What role does the moon play in the evolution of life on Earth? Is the moon drifting away? How fast? How far would it have to drift before there is a noticeable change on Earth?
Suzanne,
The moon and its significant role in the evolution of our Earth deserves an entire book, but let me summarise some of the most interesting parts:
The moon formed from a collision between a proto-planet (named ‘Theia’) and our proto-Earth about 4.5 billion years ago. The molten rocky debris scattered into orbit about the Earth coalesced into the moon – which is literally made in part from material that was once inside the Earth. This explains why the composition of the moon is very close to that of our planet.
Our moon is responsible for causing two tides in the ocean each day. This is because the pull of gravity from the moon is slightly stronger on the side of the Earth that is facing the moon at any point in time because that point is closer – the moon literally squishes the Earth into a shape like an egg, although we are talking about just a few meters in shape difference from a sphere. The ‘egg shape’ always points at the moon, so as the Earth spins, the entire planet is continuously being deformed and the ocean tides are due to the time difference it takes for the land and water to recover from this time dependent shape change. The water literally ‘sloshes’ over the two bulges on the Earth.
There are a couple of other effects that cause the rate of spin of the Earth to slow down and to cause the distance to the moon to increase with time. Due to a lag in the time it takes for the ‘egg shaped Earth’ to deform back to a sphere, the Earth and moon shapes do not point exactly at each other. There is whats called a ‘torque’ on the spin of the Earth and also a similar back-reaction on the moon. In addition, there is significant loss of energy due to heat generated by the compression and motion of material inside the Earth & the water sloshing over the Earth’s crust. Over time, the day has gotten a lot longer – billions of years ago, the day was just a few hours long! We can find evidence of this in the growth rate of fossilized coral which is sensitive to the length of the day and the lunar month.
The continuous deformation of the Earth’s shape is replicated on the moon due to the similar gravitational force of the Earth on the moon. The spin of the moon has also slowed down over time, so much so that we now only ever see one side of the moon! This is called ‘tidal locking’ in astrophysics language. In the distant future, the Earth will rotate exactly once every lunar month (which will be about 60 days long) so that one side of our planet will always be facing the moon – future generations living on the ‘dark side of the Earth’ may never see the moon for themselves. Don’t worry, this is not going to happen soon but in a few billions of years from now.

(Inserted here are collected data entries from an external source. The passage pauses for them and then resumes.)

(* Let $(E,\|\cdot\|_E)$ be a fully symmetric sequence space. The following are equivalent: (i) $E$ has the uniform individual ergodic theorem property, i.e. for every $x\in E$ and every Dunford–Schwartz operator $T$ on $l_\infty$ there exists $\widehat{x}\in E$ with $\big\|\frac1n\sum_{k=0}^{n-1}T^k(x)-\widehat{x}\big\|_\infty\to0$; (ii) $E\subset c_0$; (iii) $\mathbf 1=\{1,1,1,\dots\}\notin E$.
   Context: $l_\infty$ is the Banach lattice of bounded real sequences $x=\{(x)_n\}_{n\ge1}$ with $\|x\|_\infty=\sup_n|(x)_n|$; $c_0$ is the subspace of sequences converging to $0$; $l_1$ is the space of absolutely summable sequences with $\|x\|_1=\sum_n|(x)_n|$. A linear operator $T:l_\infty\to l_\infty$ is a Dunford–Schwartz operator if $\|T(x)\|_1\le\|x\|_1$ for all $x\in l_1$ and $\|T(x)\|_\infty\le\|x\|_\infty$ for all $x\in l_\infty$. For $x\in l_\infty$, its non-increasing rearrangement is the sequence $x^*$ with $(x^* )_n=\inf\{\sup_{m\notin F}|(x)_m| : F\subset\mathbb N\text{ finite}, \operatorname{card}(F)<n\}$. A symmetric sequence space is a nonzero linear subspace $E\subset l_\infty$ with a Banach norm $\|\cdot\|_E$ such that $y\in E$, $x\in l_\infty$, $x^*\le y^*$ imply $x\in E$ and $\|x\|_E\le\|y\|_E$ (normalized so that $\|\{1,0,0,\dots\}\|_E=1$). Write $x\prec y$ if $\sum_{n=1}^k(x^* )_n\le\sum_{n=1}^k(y^* )_n$ for all $k$. A symmetric sequence space $E$ is fully symmetric if $x\in l_\infty$, $y\in E$, $x\prec y$ imply $x\in E$ and $\|x\|_E\le\|y\|_E$. *)

theory Defs
  imports "HOL-Analysis.Analysis"
begin

text \<open>Sequences are indexed by nat starting at 0 (the paper's index n corresponds to n-1 here).\<close>

type_synonym seq = "nat \<Rightarrow> real"

definition linf :: "seq set" where
  "linf = {x. bounded (range x)}"

definition sup_norm :: "seq \<Rightarrow> real" where
  "sup_norm x = (SUP n. \<bar>x n\<bar>)"

definition l1 :: "seq set" where
  "l1 = {x. summable (\<lambda>n. \<bar>x n\<bar>)}"

definition l1_norm :: "seq \<Rightarrow> real" where
  "l1_norm x = (\<Sum>n. \<bar>x n\<bar>)"

definition c0 :: "seq set" where
  "c0 = {x. x \<longlonglongrightarrow> 0}"

definition one_seq :: seq where
  "one_seq = (\<lambda>_. 1)"

text \<open>Linear operator on l_infty (only its values on l_infty matter).\<close>
definition linear_on_linf :: "(seq \<Rightarrow> seq) \<Rightarrow> bool" where
  "linear_on_linf T \<longleftrightarrow>
     (\<forall>x\<in>linf. T x \<in> linf) \<and>
     (\<forall>x\<in>linf. \<forall>y\<in>linf. T (\<lambda>n. x n + y n) = (\<lambda>n. T x n + T y n)) \<and>
     (\<forall>x\<in>linf. \<forall>c::real. T (\<lambda>n. c * x n) = (\<lambda>n. c * T x n))"

definition dunford_schwartz :: "(seq \<Rightarrow> seq) \<Rightarrow> bool" where
  "dunford_schwartz T \<longleftrightarrow> linear_on_linf T \<and>
     (\<forall>x\<in>l1. T x \<in> l1 \<and> l1_norm (T x) \<le> l1_norm x) \<and>
     (\<forall>x\<in>linf. sup_norm (T x) \<le> sup_norm x)"

text \<open>Non-increasing rearrangement; meaningful for n \<ge> 1 (paper's (x^*)_n).\<close>
definition rearr :: "seq \<Rightarrow> nat \<Rightarrow> real" where
  "rearr x n = Inf {(SUP m\<in>(- F). \<bar>x m\<bar>) | F. finite F \<and> card F < n}"

definition majorized :: "seq \<Rightarrow> seq \<Rightarrow> bool" (infix "\<prec>" 50) where
  "x \<prec> y \<longleftrightarrow> (\<forall>k. (\<Sum>n=1..k. rearr x n) \<le> (\<Sum>n=1..k. rearr y n))"

definition banach_norm_on :: "seq set \<Rightarrow> (seq \<Rightarrow> real) \<Rightarrow> bool" where
  "banach_norm_on E NE \<longleftrightarrow>
     (\<forall>x\<in>E. NE x \<ge> 0 \<and> (NE x = 0 \<longleftrightarrow> x = (\<lambda>_. 0))) \<and>
     (\<forall>x\<in>E. \<forall>c::real. NE (\<lambda>n. c * x n) = \<bar>c\<bar> * NE x) \<and>
     (\<forall>x\<in>E. \<forall>y\<in>E. NE (\<lambda>n. x n + y n) \<le> NE x + NE y) \<and>
     (\<forall>X::nat \<Rightarrow> seq. (\<forall>k. X k \<in> E) \<and>
        (\<forall>e>0. \<exists>N. \<forall>m\<ge>N. \<forall>k\<ge>N. NE (\<lambda>n. X m n - X k n) < e) \<longrightarrow>
        (\<exists>l\<in>E. (\<lambda>k. NE (\<lambda>n. X k n - l n)) \<longlonglongrightarrow> 0))"

definition symmetric_seq_space :: "seq set \<Rightarrow> (seq \<Rightarrow> real) \<Rightarrow> bool" where
  "symmetric_seq_space E NE \<longleftrightarrow>
     E \<subseteq> linf \<and> E \<noteq> {\<lambda>_. 0} \<and> (\<lambda>_. 0) \<in> E \<and>
     (\<forall>x\<in>E. \<forall>y\<in>E. (\<lambda>n. x n + y n) \<in> E) \<and>
     (\<forall>x\<in>E. \<forall>c::real. (\<lambda>n. c * x n) \<in> E) \<and>
     banach_norm_on E NE \<and>
     (\<forall>x y. y \<in> E \<and> x \<in> linf \<and> (\<forall>n\<ge>1. rearr x n \<le> rearr y n) \<longrightarrow>
        x \<in> E \<and> NE x \<le> NE y) \<and>
     NE (\<lambda>n. if n = 0 then 1 else 0) = 1"

definition fully_symmetric :: "seq set \<Rightarrow> (seq \<Rightarrow> real) \<Rightarrow> bool" where
  "fully_symmetric E NE \<longleftrightarrow> symmetric_seq_space E NE \<and>
     (\<forall>x y. x \<in> linf \<and> y \<in> E \<and> x \<prec> y \<longrightarrow> x \<in> E \<and> NE x \<le> NE y)"

definition ergodic_avg :: "(seq \<Rightarrow> seq) \<Rightarrow> seq \<Rightarrow> nat \<Rightarrow> seq" where
  "ergodic_avg T x n = (\<lambda>m. (1 / real n) * (\<Sum>k<n. (T ^^ k) x m))"

definition uniform_IET_property :: "seq set \<Rightarrow> bool" where
  "uniform_IET_property E \<longleftrightarrow>
     (\<forall>x\<in>E. \<forall>T. dunford_schwartz T \<longrightarrow>
        (\<exists>xh\<in>E. (\<lambda>n. sup_norm (\<lambda>m. ergodic_avg T x n m - xh m)) \<longlonglongrightarrow> 0))"

end

theory Submission
  imports Defs
begin

text \<open>Suppose \<open>E \<subseteq> c0\<close> and let \<open>T\<close> be a Dunford--Schwartz operator. On \<open>l1\<close> the operator \<open>T\<close> is
  a contraction of \<open>l2\<close> (Schur's test), so for \<open>x \<in> l1\<close> Birkhoff's argument with the vectors of
  almost minimal norm in the convex hull of the orbit of \<open>x\<close> shows that the ergodic averages of \<open>x\<close>
  are Cauchy in \<open>l2\<close>, hence uniformly Cauchy; truncation extends this to all \<open>x \<in> c0\<close>. The uniform
  limit \<open>xh\<close> is majorized by \<open>x\<close>: splitting \<open>x = a + b\<close> with \<open>a \<in> l1\<close> and \<open>\<bar>b\<bar> \<le> x\<^sup>*\<^sub>k\<close>, every
  \<open>k\<close> entries of \<open>xh\<close> sum to at most \<open>\<parallel>a\<parallel>\<^sub>1 + k x\<^sup>*\<^sub>k = x\<^sup>*\<^sub>1 + \<dots> + x\<^sup>*\<^sub>k\<close>, so \<open>xh \<in> E\<close> by full
  symmetry. Conversely, an element of \<open>E\<close> not tending to 0 forces \<open>one_seq \<in> E\<close>, and the averages of
  \<open>one_seq\<close> under the right shift tend to 0 coordinatewise but not uniformly.\<close>

lemma linf_iff: "x \<in> linf \<longleftrightarrow> (\<exists>B. \<forall>i. \<bar>x i\<bar> \<le> B)"
  unfolding linf_def bounded_iff by auto

lemma linfI: "(\<And>i. \<bar>x i\<bar> \<le> B) \<Longrightarrow> x \<in> linf"
  unfolding linf_iff by auto

lemma bdd_above_abs_linf: "x \<in> linf \<Longrightarrow> bdd_above ((\<lambda>i. \<bar>x i\<bar>) ` A)"
  unfolding linf_iff bdd_above_def by auto

lemma abs_le_sup_norm: "x \<in> linf \<Longrightarrow> \<bar>x i\<bar> \<le> sup_norm x"
  unfolding sup_norm_def using bdd_above_abs_linf by (intro cSUP_upper) auto

lemma sup_norm_le: "(\<And>i. \<bar>x i\<bar> \<le> B) \<Longrightarrow> sup_norm x \<le> B"
  unfolding sup_norm_def by (intro cSUP_least) auto

lemma sup_norm_nonneg: "x \<in> linf \<Longrightarrow> 0 \<le> sup_norm x"
  using abs_le_sup_norm[of x 0] by linarith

The implications for life are fascinating. When the moon formed it was much closer to the Earth – perhaps ten times closer. The moon moves away since the total energy of the Earth-moon system must be conserved. In fact by bouncing a strong laser onto mirrors left on the moons surface by the Apollo astronauts in the 60′s, we can measure the distance to the moon to an accuracy of about 1mm and we know that every year the moon moves about 4cm further from the Earth. The moon will eventually come to rest at about twice its current distance, when both the Earth and moon will be tidally locked, at which time the tides will not be strong enough for surfing, so enjoy the ocean whilst you can 
It’s a simple calculation to show that the height of the tides is proportional to the distance to the moon^3, i.e. if the moon was once ten times closer, the ocean tides were 1000 times higher! So in the distant past, when water first appeared on Earth from the icy bombardment of comets, there were tidal waves nearly a km high crossing over the land every few hours. Not a good time for life to crawl out of the ocean!!!
There is another interesting fact about our moon. All the planets without their own moon, or with a small moon, are spinning chaotically. Small perturbations can cause their spin axis to change – dramatically and rapidly. Fortunately, our massive moon stabilises the spin axis of the Earth. Without our moon, on a short timescale, life evolving on the equator would have suddenly found itself at the new ‘North Pole’. Not a good situation for the first immobile life forms to face.
Enjoy our moon, we wouldn’t be here without it.
Ben